- **Saved data entries**:
lemma absa_power_lt_sin_large:
  assumes "6 \<le> k" and "pi / (real k + 1) < x" and "x < pi / (real k - 1)"
  shows "absa x ^ (k - 2) < sin x"
proof -
  have k: "6 \<le> real k"
    using assms(1) by simp
  have "0 < x"
    using assms(2) divide_pos_pos[OF pi_gt_zero, of "real k + 1"] by linarith
  have "pi / (real k - 1) \<le> pi / 5"
    using k by (intro divide_left_mono) auto
  moreover have "pi \<le> 16 / 5"
    using pi_approx(2) by simp
  ultimately have "x \<le> 16 / 25"
    using assms(3) by linarith
  then have "x\<^sup>2 \<le> (16 / 25)\<^sup>2"
    using \<open>0 < x\<close> by (intro power_mono) auto
  then have cos_x: "3 / 4 \<le> cos x"
    using cos_ge_1_minus_sq_half[of x] by (simp add: power2_eq_square)
  have "absa x ^ (k - 2) \<le> (2 / 3) ^ (k - 2)"
    using cos_x by (intro power_mono) (auto simp: absa_def field_simps)
  moreover have "(2 / 3) ^ (k - 2) \<le> 2 / (real k + 1)"
    using assms(1) by (rule two_thirds_power_le)
  moreover have "2 / (real k + 1) < pi / (real k + 1) * (3 / 4)"
    using divide_strict_right_mono[of 2 "3 / 4 * pi" "real k + 1"] pi_gt3 by (simp add: ac_simps)
  moreover have "pi / (real k + 1) * (3 / 4) \<le> x * cos x"
    using assms(2) cos_x \<open>0 < x\<close> by (intro mult_mono) auto
  moreover have "x * cos x \<le> sin x"
    using \<open>0 < x\<close> assms(3) \<open>pi / (real k - 1) \<le> pi / 5\<close> pi_gt_zero
    by (intro mult_cos_le_sin) linarith+
  ultimately show ?thesis
    by linarith
qed

lemma absa_cube_lt_sin:
  assumes "pi / 6 < x" and "x < pi / 4"
  shows "absa x ^ 3 < sin x"
proof -
  have "0 < x"
    using assms(1) pi_gt_zero by linarith
  have "0 < absa x" and "absa x < 1"
    using assms \<open>0 < x\<close> cos_gt_half[of x] by (simp_all add: absa_pos absa_lt_1)
  moreover have "absa x ^ 2 \<le> 1 / 2"
    using assms \<open>0 < x\<close> by (intro absa_sq_le_half) auto
  ultimately have "absa x * absa x ^ 2 \<le> absa x * (1 / 2)" and "absa x * (1 / 2) < 1 / 2"
    by (simp_all add: mult_left_mono)
  moreover have "1 / 2 < sin x"
    using assms by (intro sin_gt_half) auto
  ultimately show ?thesis
    by (simp add: power2_eq_square power3_eq_cube)
qed

lemma absa_pow4_lt_sin:
  assumes "pi / 6 < x" and "x < eta 4"
  shows "absa x ^ 4 < sin x"
proof -
  have eta_4: "pi / 4 < eta 4" "eta 4 < pi / 3"
    using eta_spec[of 4] by simp_all
  have "0 < x"
    using assms(1) pi_gt_zero by linarith
  have "0 \<le> cos (eta 4)"
    using eta_4 pi_gt_zero by (intro cos_ge_zero) linarith+
  moreover have "cos (eta 4) < cos x"
    using \<open>0 < x\<close> assms(2) eta_4 pi_gt_zero by (intro cos_monotone_0_pi) linarith+
  ultimately have "1 / 8 < cos x ^ 4"
    using cos_eta_4 power_strict_mono[of "cos (eta 4)" "cos x" 4] by simp
  then have "absa x ^ 4 < 1 / 2"
    by (simp add: absa_def power_divide power_mult_distrib divide_simps)
  moreover have "1 / 2 < sin x"
    using assms eta_4 pi_gt_zero by (intro sin_gt_half) linarith+
  ultimately show ?thesis
    by linarith
qed

lemma Psi_pos_between_pi_div_5_and_eta_4:
  assumes "pi / 5 < x" and "x < eta 4" and "4 \<le> j"
  shows "0 < Psi j x"
proof -
  have "0 < x" and "pi / 6 < x"
    using assms(1) pi_gt_zero by linarith+
  moreover have "x < pi / 3"
    using eta_spec[of 4] assms(2) by simp
  ultimately have cos_x: "1 / 2 < cos x" and sin_x: "0 < sin x"
    using cos_gt_half[of x] sin_gt_zero[of x] pi_gt_zero by simp_all
  consider "j = 4" | "j = 5" | "6 \<le> j"
    using assms(3) by linarith
  then show ?thesis
  proof cases
    case 3
    have "absa x ^ 4 < sin x"
      using \<open>pi / 6 < x\<close> assms(2) by (rule absa_pow4_lt_sin)
    with cos_x 3 show ?thesis
      by (intro Psi_pos_if_absa_power_lt_sin[of x 6]) auto
  qed (use cos_x sin_x Psi_4_pos Psi_5_pos in auto)
qed

lemma Psi_pos_ge_5:
  assumes "5 \<le> k" and "pi / (real k + 1) < x" and "x < pi / (real k - 1)" and "k \<le> j"
  shows "0 < Psi j x"
proof -
  have "0 < pi / (real k + 1)"
    by simp
  moreover have "pi / (real k - 1) \<le> pi / 4"
    using assms(1) by (intro divide_left_mono) auto
  ultimately have "1 / 2 < cos x"
    using assms(2,3) pi_gt_zero by (intro cos_gt_half) linarith+
  moreover have "absa x ^ (k - 2) < sin x"
  proof (cases "k = 5")
    case True
    then show ?thesis
      using assms(2,3) by (simp add: absa_cube_lt_sin)
  next
    case False
    with assms show ?thesis
      by (intro absa_power_lt_sin_large) auto
  qed
  ultimately show ?thesis
    using assms(1,4) by (intro Psi_pos_if_absa_power_lt_sin) auto
qed

theorem lemma4p4:
  fixes k j :: nat and x :: real
  assumes "k \<ge> 4" and "eta (k + 1) \<le> x" and "x < eta k" and "j \<ge> k"
  shows "Psi j x > 0"
proof -
  have lower: "pi / (real k + 1) < x"
    using eta_spec[of "k + 1"] assms(1,2) by (simp add: add.commute)
  have upper: "x < pi / (real k - 1)"
    using eta_spec[of k] assms(1,3) by simp
  show ?thesis
  proof (cases "k = 4")
    case True
    with lower assms(3,4) show ?thesis
      by (intro Psi_pos_between_pi_div_5_and_eta_4) auto
  next
    case False
    with assms(1,4) lower upper show ?thesis
      by (intro Psi_pos_ge_5) auto
  qed
qed

end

- **EXERCISE REQUIREMENTS**:
In the entries above, find each line containing the string "cases" and copy it.

- **EXERCISE RESULT**:
  proof cases
  proof (cases "k = 5")
  proof (cases "k = 4")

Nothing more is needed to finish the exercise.